The problem:
Among the entries below, please show each line that carries the word "define".

[Stored data]
————————
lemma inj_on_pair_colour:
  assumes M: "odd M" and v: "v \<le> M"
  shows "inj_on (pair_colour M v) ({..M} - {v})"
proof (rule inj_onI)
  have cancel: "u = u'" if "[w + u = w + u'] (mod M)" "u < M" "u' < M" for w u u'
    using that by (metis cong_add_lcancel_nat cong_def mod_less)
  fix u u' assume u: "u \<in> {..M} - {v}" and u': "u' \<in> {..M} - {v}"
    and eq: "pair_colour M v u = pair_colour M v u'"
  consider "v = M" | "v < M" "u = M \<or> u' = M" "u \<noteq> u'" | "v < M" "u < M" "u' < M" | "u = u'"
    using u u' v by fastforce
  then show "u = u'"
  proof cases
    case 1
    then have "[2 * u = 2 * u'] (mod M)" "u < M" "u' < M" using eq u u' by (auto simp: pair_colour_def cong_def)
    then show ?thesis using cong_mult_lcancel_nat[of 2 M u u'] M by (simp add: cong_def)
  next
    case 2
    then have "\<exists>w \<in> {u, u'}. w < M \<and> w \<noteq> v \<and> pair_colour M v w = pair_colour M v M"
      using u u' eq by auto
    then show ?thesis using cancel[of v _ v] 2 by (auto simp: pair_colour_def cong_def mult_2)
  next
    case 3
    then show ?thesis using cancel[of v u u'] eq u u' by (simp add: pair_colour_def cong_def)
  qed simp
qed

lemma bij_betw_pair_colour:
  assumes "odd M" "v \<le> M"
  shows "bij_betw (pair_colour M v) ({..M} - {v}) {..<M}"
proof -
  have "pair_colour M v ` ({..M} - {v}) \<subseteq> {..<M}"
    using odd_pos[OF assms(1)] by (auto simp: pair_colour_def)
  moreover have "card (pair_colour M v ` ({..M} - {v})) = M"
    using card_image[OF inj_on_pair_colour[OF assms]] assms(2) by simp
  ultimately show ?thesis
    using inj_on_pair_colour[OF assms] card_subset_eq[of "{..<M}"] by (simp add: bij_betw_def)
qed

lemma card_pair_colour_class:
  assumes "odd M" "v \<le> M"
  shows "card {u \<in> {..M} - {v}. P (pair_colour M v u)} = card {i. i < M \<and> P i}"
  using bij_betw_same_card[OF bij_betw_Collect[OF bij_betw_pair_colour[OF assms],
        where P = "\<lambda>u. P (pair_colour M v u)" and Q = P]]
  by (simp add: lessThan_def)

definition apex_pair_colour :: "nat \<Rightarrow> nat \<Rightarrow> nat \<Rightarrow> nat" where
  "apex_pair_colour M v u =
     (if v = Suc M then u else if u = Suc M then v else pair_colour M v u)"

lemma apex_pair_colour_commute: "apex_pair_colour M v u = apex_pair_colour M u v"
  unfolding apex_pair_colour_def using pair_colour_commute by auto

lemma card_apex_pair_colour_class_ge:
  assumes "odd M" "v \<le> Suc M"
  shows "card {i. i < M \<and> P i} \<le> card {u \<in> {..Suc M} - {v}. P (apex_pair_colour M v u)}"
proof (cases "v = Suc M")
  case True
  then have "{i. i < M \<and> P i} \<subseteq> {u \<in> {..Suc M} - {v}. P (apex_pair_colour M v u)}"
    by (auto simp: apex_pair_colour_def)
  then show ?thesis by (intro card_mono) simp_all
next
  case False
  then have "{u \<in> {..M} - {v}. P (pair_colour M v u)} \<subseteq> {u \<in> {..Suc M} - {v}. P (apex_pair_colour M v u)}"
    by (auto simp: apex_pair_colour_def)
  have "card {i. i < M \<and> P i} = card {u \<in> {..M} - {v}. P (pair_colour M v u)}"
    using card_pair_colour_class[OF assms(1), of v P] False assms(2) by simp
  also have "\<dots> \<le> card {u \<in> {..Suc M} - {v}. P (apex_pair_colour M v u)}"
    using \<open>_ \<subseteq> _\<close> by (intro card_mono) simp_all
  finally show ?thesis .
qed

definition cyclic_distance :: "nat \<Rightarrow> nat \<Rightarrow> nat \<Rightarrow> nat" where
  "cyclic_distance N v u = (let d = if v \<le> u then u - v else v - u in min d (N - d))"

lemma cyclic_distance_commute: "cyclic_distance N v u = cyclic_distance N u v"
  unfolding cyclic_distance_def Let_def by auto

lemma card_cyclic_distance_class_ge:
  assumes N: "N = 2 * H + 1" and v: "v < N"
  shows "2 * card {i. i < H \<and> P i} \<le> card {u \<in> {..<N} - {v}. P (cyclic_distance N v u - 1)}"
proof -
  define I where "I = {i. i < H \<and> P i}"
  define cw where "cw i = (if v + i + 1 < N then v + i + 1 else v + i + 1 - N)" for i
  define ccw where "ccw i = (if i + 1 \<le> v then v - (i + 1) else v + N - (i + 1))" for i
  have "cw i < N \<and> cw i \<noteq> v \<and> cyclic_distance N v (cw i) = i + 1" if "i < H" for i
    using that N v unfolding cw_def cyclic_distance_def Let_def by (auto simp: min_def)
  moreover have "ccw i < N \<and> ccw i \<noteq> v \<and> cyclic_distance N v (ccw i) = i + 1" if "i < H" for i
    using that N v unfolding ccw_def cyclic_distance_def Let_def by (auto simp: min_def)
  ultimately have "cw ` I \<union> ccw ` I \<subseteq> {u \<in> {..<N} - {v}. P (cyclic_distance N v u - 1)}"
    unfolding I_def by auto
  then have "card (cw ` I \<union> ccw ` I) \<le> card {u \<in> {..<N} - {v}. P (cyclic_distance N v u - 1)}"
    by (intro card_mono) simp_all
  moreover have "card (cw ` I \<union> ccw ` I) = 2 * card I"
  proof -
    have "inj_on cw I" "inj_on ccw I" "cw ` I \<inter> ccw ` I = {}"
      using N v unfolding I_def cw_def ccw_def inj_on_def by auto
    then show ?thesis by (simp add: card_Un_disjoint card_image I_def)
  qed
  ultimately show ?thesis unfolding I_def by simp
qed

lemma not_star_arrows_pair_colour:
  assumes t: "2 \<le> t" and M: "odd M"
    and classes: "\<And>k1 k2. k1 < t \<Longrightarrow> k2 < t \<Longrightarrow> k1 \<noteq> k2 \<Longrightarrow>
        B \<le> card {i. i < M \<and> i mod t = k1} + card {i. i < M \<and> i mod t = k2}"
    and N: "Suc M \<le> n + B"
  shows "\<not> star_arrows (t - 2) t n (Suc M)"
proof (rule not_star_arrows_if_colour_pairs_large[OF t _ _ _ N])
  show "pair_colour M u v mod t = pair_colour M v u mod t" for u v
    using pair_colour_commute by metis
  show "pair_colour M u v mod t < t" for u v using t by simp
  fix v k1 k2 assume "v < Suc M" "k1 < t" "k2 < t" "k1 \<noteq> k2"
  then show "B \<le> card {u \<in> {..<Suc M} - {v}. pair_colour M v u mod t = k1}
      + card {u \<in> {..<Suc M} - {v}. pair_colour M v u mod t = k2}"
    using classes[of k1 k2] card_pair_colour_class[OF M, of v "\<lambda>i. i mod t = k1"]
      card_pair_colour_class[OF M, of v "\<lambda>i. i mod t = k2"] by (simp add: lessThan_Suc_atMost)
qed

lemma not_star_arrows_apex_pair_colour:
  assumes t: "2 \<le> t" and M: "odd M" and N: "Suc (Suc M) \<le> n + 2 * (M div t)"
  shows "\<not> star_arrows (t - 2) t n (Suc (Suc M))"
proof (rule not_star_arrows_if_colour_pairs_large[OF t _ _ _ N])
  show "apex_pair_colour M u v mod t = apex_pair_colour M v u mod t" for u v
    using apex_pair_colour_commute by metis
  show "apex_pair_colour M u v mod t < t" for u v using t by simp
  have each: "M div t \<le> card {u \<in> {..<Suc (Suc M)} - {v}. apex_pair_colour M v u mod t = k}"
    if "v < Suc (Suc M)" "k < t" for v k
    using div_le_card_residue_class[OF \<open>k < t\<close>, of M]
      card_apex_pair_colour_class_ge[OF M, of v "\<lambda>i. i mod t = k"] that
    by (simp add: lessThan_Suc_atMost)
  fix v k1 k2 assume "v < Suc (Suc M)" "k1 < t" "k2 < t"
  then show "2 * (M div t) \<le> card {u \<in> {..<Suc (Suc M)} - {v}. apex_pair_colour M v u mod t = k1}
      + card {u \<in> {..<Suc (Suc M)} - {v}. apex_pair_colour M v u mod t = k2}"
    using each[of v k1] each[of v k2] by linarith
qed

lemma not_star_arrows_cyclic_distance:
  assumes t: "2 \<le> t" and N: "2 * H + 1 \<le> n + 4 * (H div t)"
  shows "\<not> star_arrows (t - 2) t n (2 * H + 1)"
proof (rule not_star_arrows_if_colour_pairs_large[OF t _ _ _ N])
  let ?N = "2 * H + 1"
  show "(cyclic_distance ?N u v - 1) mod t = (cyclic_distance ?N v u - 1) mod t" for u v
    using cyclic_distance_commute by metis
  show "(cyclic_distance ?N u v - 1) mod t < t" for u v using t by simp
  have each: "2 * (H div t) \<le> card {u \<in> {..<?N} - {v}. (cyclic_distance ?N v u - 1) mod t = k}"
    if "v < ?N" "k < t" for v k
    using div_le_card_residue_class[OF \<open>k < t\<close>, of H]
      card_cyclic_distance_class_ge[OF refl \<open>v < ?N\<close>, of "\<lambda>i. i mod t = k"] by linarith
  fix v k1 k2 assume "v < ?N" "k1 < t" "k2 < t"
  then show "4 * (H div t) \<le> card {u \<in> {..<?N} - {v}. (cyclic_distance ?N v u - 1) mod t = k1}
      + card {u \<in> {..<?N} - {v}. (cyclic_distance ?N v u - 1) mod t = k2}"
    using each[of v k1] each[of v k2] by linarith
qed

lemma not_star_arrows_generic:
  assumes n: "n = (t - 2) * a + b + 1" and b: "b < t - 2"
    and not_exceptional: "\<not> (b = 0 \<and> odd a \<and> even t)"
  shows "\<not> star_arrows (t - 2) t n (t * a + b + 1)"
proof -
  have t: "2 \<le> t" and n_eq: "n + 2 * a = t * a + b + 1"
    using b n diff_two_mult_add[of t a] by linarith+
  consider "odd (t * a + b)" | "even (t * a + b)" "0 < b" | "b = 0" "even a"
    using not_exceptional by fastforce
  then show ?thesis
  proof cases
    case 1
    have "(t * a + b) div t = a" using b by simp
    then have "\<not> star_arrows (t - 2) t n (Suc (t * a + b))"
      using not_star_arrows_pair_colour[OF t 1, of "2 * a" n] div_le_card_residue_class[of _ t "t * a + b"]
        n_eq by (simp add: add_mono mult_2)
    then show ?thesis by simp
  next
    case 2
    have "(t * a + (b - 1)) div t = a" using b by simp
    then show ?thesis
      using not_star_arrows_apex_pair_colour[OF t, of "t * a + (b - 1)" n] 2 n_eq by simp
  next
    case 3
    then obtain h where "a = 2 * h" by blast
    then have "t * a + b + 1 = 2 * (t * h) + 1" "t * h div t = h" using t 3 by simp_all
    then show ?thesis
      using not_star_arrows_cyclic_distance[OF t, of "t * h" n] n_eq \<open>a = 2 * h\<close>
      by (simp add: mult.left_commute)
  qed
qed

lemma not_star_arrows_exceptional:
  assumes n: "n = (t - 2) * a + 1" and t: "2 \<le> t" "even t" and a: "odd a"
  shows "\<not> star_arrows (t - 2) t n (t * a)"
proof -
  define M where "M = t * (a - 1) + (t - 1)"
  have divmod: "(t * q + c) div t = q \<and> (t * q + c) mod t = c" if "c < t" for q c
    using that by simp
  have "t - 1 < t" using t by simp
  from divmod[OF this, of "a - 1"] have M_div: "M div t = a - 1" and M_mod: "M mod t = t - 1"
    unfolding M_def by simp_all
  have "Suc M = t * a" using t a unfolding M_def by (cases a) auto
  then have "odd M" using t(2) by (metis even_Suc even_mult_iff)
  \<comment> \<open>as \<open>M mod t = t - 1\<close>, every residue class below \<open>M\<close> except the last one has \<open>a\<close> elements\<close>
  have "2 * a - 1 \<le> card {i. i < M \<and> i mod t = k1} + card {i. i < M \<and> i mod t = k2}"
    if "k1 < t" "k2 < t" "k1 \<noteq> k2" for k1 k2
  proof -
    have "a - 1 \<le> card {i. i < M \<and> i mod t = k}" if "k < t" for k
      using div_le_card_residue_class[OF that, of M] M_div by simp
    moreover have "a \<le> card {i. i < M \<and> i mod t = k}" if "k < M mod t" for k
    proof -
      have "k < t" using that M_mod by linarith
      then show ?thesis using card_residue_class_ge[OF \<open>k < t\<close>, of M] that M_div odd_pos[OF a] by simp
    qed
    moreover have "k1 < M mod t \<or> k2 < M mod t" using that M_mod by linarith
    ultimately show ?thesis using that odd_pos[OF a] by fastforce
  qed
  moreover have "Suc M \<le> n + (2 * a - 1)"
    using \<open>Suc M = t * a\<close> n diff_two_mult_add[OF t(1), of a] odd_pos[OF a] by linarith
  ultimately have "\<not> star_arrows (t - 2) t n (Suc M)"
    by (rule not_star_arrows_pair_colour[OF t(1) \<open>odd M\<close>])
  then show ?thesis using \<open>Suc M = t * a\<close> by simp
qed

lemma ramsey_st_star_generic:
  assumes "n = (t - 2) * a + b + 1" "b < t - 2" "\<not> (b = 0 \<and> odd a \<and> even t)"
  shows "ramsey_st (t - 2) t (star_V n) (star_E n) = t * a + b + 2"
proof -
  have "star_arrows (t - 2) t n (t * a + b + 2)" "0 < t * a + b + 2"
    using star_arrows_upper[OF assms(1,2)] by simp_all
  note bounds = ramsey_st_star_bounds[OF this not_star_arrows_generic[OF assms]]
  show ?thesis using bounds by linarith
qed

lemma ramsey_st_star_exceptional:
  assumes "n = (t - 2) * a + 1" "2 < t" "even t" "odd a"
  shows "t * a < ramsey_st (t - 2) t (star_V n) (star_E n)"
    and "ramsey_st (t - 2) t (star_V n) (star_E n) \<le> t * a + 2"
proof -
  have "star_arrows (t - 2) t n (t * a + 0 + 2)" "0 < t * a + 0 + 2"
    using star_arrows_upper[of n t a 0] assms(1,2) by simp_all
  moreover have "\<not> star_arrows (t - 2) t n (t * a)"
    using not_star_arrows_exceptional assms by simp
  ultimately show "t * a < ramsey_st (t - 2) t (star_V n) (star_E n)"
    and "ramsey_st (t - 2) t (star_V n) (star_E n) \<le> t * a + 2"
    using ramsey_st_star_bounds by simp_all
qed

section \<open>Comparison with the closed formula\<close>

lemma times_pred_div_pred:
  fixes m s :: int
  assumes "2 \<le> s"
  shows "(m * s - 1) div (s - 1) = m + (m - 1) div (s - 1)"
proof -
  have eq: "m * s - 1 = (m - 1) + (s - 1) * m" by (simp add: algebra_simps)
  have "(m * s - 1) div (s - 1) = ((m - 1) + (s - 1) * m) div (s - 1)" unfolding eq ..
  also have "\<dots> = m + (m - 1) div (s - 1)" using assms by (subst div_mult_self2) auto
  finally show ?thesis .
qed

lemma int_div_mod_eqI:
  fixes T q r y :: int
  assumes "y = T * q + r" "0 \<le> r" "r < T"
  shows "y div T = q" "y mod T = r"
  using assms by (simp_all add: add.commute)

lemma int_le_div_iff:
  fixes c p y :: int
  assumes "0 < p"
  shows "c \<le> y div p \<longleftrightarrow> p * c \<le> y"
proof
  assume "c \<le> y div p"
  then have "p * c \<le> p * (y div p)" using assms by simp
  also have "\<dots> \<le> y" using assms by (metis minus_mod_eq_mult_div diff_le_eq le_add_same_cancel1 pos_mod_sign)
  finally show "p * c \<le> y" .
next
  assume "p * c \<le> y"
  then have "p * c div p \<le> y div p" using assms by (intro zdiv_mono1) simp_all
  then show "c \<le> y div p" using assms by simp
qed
————————
Your response:
  define I where "I = {i. i < H \<and> P i}"
  define cw where "cw i = (if v + i + 1 < N then v + i + 1 else v + i + 1 - N)" for i
  define ccw where "ccw i = (if i + 1 \<le> v then v - (i + 1) else v + N - (i + 1))" for i
  define M where "M = t * (a - 1) + (t - 1)"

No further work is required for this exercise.